2007-05-25 Thread Georg Brandl
Neal Norwitz schrieb:
> On 5/25/07, Brett Cannon <[EMAIL PROTECTED]> wrote:
>> In my bcannon-objcap branch I am trying to check in a change that involves a
>> soft symlink from Lib/controlled_importlib.py to
>> ../importlib/controlled_importlib.py through ``ln -s
>> ../controlled_importlib.py controlled_importlib.py`` while in the Lib
>> directory.  I have done this before in this branch so as to allow for easy
>> importing of code from the svn import of importlib that the branch contains.
> 
> I don't know that we've ever tested the commit hook with a link.
> Maybe there is some other problem.

The cause: For symlinks, SVN saves a file containing "link /target" and sets
the "svn:special" property.
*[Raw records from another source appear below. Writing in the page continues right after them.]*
text \<open>
  Let \<open>(e)\<close> be a bounded left approximate identity and regard the operators \<open>\<phi> e\<close> as points of
  \<open>X\<^sup>X\<close> carrying the product of the weak topologies. Since \<open>\<phi> e x\<close> ranges over a bounded part of
  the orbit of \<open>x\<close>, weak compactness of the orbit maps and Tychonoff's theorem give the net a
  cluster point \<open>P\<close>. Because bounded functionals separate points, \<open>P\<close> inherits linearity and the
  uniform bound of the net; it maps into the essential space, which is weakly closed by
  Hahn--Banach separation; and it fixes every \<open>\<phi> a x\<close>, since
  \<open>\<phi> e (\<phi> a x) = \<phi> (e a) x \<longrightarrow> \<phi> a x\<close>. So \<open>P\<close> is a bounded projection onto the essential space.
\<close>

section \<open>Hahn--Banach for real normed spaces\<close>

text \<open>Hahn--Banach is obtained from Zorn's lemma on these graphs ordered by inclusion; working with
  graphs rather than partial functions makes the union of a chain an upper bound directly.\<close>

definition dominated_linear_graph :: "real \<Rightarrow> ('x::real_normed_vector \<times> real) set \<Rightarrow> bool" where
  "dominated_linear_graph C G \<longleftrightarrow> (0, 0) \<in> G \<and>
     (\<forall>x a y b. (x, a) \<in> G \<longrightarrow> (y, b) \<in> G \<longrightarrow> (x + y, a + b) \<in> G) \<and>
     (\<forall>x a r. (x, a) \<in> G \<longrightarrow> (r *\<^sub>R x, r * a) \<in> G) \<and>
     (\<forall>x a b. (x, a) \<in> G \<longrightarrow> (x, b) \<in> G \<longrightarrow> a = b) \<and>
     (\<forall>x a. (x, a) \<in> G \<longrightarrow> a \<le> C * norm x)"

lemma
  assumes "dominated_linear_graph C G"
  shows dominated_linear_graph_zero: "(0, 0) \<in> G"
    and dominated_linear_graph_add: "(x, a) \<in> G \<Longrightarrow> (y, b) \<in> G \<Longrightarrow> (x + y, a + b) \<in> G"
    and dominated_linear_graph_scale: "(x, a) \<in> G \<Longrightarrow> (r *\<^sub>R x, r * a) \<in> G"
    and dominated_linear_graph_functional: "(x, a) \<in> G \<Longrightarrow> (x, b) \<in> G \<Longrightarrow> a = b"
    and dominated_linear_graph_bound: "(x, a) \<in> G \<Longrightarrow> a \<le> C * norm x"
  using assms unfolding dominated_linear_graph_def by blast+

lemma subspace_Domain_dominated_linear_graph:
  assumes "dominated_linear_graph C G"
  shows "subspace (Domain G)"
  unfolding subspace_def
  using dominated_linear_graph_zero[OF assms] dominated_linear_graph_add[OF assms]
    dominated_linear_graph_scale[OF assms]
  by (metis Domain.simps)

lemma dominated_linear_graph_Union_chain:
  assumes chain: "c \<in> chains {G. dominated_linear_graph C G}" and "c \<noteq> {}"
  shows "dominated_linear_graph C (\<Union>c)"
proof -
  have G: "dominated_linear_graph C G" if "G \<in> c" for G
    using chainsD2[OF chain] that by blast
  have common: "\<exists>G\<in>c. p \<in> G \<and> q \<in> G" if mem: "p \<in> \<Union>c" "q \<in> \<Union>c" for p q
  proof -
    obtain G1 G2 where "G1 \<in> c" "G2 \<in> c" "p \<in> G1" "q \<in> G2"
      using mem by blast
    then show ?thesis
      using chainsD[OF chain, of G1 G2] by blast
  qed
  show ?thesis
    unfolding dominated_linear_graph_def
  proof (intro conjI allI impI)
    show "(0, 0) \<in> \<Union>c"
      using \<open>c \<noteq> {}\<close> G dominated_linear_graph_zero by blast
    show "(x + y, a + b) \<in> \<Union>c" if "(x, a) \<in> \<Union>c" "(y, b) \<in> \<Union>c" for x a y b
      using common[OF that] G dominated_linear_graph_add by blast
    show "a = b" if "(x, a) \<in> \<Union>c" "(x, b) \<in> \<Union>c" for x a b
      using common[OF that] G dominated_linear_graph_functional by blast
    show "(r *\<^sub>R x, r * a) \<in> \<Union>c" if "(x, a) \<in> \<Union>c" for x a r
      using that G dominated_linear_graph_scale by blast
    show "a \<le> C * norm x" if "(x, a) \<in> \<Union>c" for x a
      using that G dominated_linear_graph_bound by blast
  qed
qed

lemma dominated_linear_graph_extension_bound:
  assumes G: "dominated_linear_graph C M" and "(y, b) \<in> M"
    and lower: "\<And>u a. (u, a) \<in> M \<Longrightarrow> a - C * norm (u - x0) \<le> c"
    and upper: "\<And>v b. (v, b) \<in> M \<Longrightarrow> c \<le> C * norm (v + x0) - b"
  shows "b + t * c \<le> C * norm (y + t *\<^sub>R x0)"
proof (cases t "0::real" rule: linorder_cases)
  case less
  define s where "s = - t"
  have "s > 0" using less by (simp add: s_def)
  have "s *\<^sub>R (inverse s *\<^sub>R y - x0) = y + t *\<^sub>R x0"
    using \<open>s > 0\<close> by (simp add: s_def algebra_simps)
  then have norm_eq: "s * norm (inverse s *\<^sub>R y - x0) = norm (y + t *\<^sub>R x0)"
    using \<open>s > 0\<close> by (metis abs_of_pos norm_scaleR)
  have "inverse s * b - C * norm (inverse s *\<^sub>R y - x0) \<le> c"
    using lower dominated_linear_graph_scale[OF G \<open>(y, b) \<in> M\<close>] .
  then have "s * (inverse s * b - C * norm (inverse s *\<^sub>R y - x0)) \<le> s * c"
    using \<open>s > 0\<close> by (intro mult_left_mono) auto
  also have "s * (inverse s * b - C * norm (inverse s *\<^sub>R y - x0)) = b - C * norm (y + t *\<^sub>R x0)"
    using \<open>s > 0\<close> norm_eq[symmetric] by (simp add: right_diff_distrib)
  finally show ?thesis by (simp add: s_def)
next
  case equal
  then show ?thesis using dominated_linear_graph_bound[OF G \<open>(y, b) \<in> M\<close>] by simp
next
  case greater
  have "t *\<^sub>R (inverse t *\<^sub>R y + x0) = y + t *\<^sub>R x0"
    using greater by (simp add: algebra_simps)
  then have norm_eq: "t * norm (inverse t *\<^sub>R y + x0) = norm (y + t *\<^sub>R x0)"
    using greater by (metis abs_of_pos norm_scaleR)
  have "c \<le> C * norm (inverse t *\<^sub>R y + x0) - inverse t * b"
    using upper dominated_linear_graph_scale[OF G \<open>(y, b) \<in> M\<close>] .
  then have "t * c \<le> t * (C * norm (inverse t *\<^sub>R y + x0) - inverse t * b)"
    using greater by (intro mult_left_mono) auto
  also have "\<dots> = C * norm (y + t *\<^sub>R x0) - b"
    using greater norm_eq[symmetric] by (simp add: right_diff_distrib)
  finally show ?thesis by simp
qed

lemma dominated_linear_graph_extend_by:
  assumes G: "dominated_linear_graph C M" and x0: "x0 \<notin> Domain M"
    and lower: "\<And>u a. (u, a) \<in> M \<Longrightarrow> a - C * norm (u - x0) \<le> c"
    and upper: "\<And>v b. (v, b) \<in> M \<Longrightarrow> c \<le> C * norm (v + x0) - b"
  shows "dominated_linear_graph C {(y + t *\<^sub>R x0, b + t * c) | y b t. (y, b) \<in> M}"
    (is "dominated_linear_graph C ?G")
proof -
  have coordinates_unique: "t = t' \<and> y = y'"
    if "y \<in> Domain M" "y' \<in> Domain M" "y + t *\<^sub>R x0 = y' + t' *\<^sub>R x0" for y y' t t'
  proof (cases "t = t'")
    case False
    have "(t - t') *\<^sub>R x0 = y' - y"
      using that(3) by (simp add: algebra_simps)
    moreover have "x0 = inverse (t - t') *\<^sub>R ((t - t') *\<^sub>R x0)"
      using False by simp
    ultimately have "x0 = inverse (t - t') *\<^sub>R (y' - y)"
      by simp
    also have "\<dots> \<in> Domain M"
      using subspace_Domain_dominated_linear_graph[OF G] that(1,2)
      by (simp add: subspace_scale subspace_diff)
    finally show ?thesis using x0 by simp
  qed (use that in simp)
  show ?thesis
    unfolding dominated_linear_graph_def
  proof (intro conjI allI impI)
    show "(0, 0) \<in> ?G"
      using dominated_linear_graph_zero[OF G] by force
    show "(x + z, a + d) \<in> ?G" if mem: "(x, a) \<in> ?G" "(z, d) \<in> ?G" for x a z d
    proof -
      obtain y b t y' b' t' where "(y, b) \<in> M" "(y', b') \<in> M"
        "x = y + t *\<^sub>R x0" "a = b + t * c" "z = y' + t' *\<^sub>R x0" "d = b' + t' * c"
        using mem by blast
      then show ?thesis
        using dominated_linear_graph_add[OF G]
        by (intro CollectI exI[of _ "y + y'"] exI[of _ "b + b'"] exI[of _ "t + t'"])
          (auto simp: algebra_simps)
    qed
    show "(r *\<^sub>R x, r * a) \<in> ?G" if mem: "(x, a) \<in> ?G" for x a r
    proof -
      obtain y b t where "(y, b) \<in> M" "x = y + t *\<^sub>R x0" "a = b + t * c"
        using mem by blast
      then show ?thesis
        using dominated_linear_graph_scale[OF G]
        by (intro CollectI exI[of _ "r *\<^sub>R y"] exI[of _ "r * b"] exI[of _ "r * t"])
          (auto simp: algebra_simps)
    qed
    show "a = d" if mem: "(x, a) \<in> ?G" "(x, d) \<in> ?G" for x a d
    proof -
      obtain y b t y' b' t' where "(y, b) \<in> M" "(y', b') \<in> M"
        "x = y + t *\<^sub>R x0" "a = b + t * c" "x = y' + t' *\<^sub>R x0" "d = b' + t' * c"
        using mem by blast
      then show ?thesis
        using coordinates_unique dominated_linear_graph_functional[OF G] by (metis Domain.DomainI)
    qed
    show "a \<le> C * norm x" if "(x, a) \<in> ?G" for x a
      using that dominated_linear_graph_extension_bound[OF G _ lower upper] by blast
  qed
qed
Since the special file doesn't end with a newline,
reindent adds that, and boom.

The solution: add
 if fs.node_prop(txn_root, path, 'svn:special') == '*': continue

in the commit hook's for loop.

cheers,
Georg

-- 
Thus spake the Lord: Thou shalt indent with four spaces. No more, no less.
Four shall be the number of spaces thou shalt indent, and the number of thy
indenting shall be four. Eight shalt thou not indent, nor either indent thou
two, excepting that thou then proceed to four. Tabs are right out.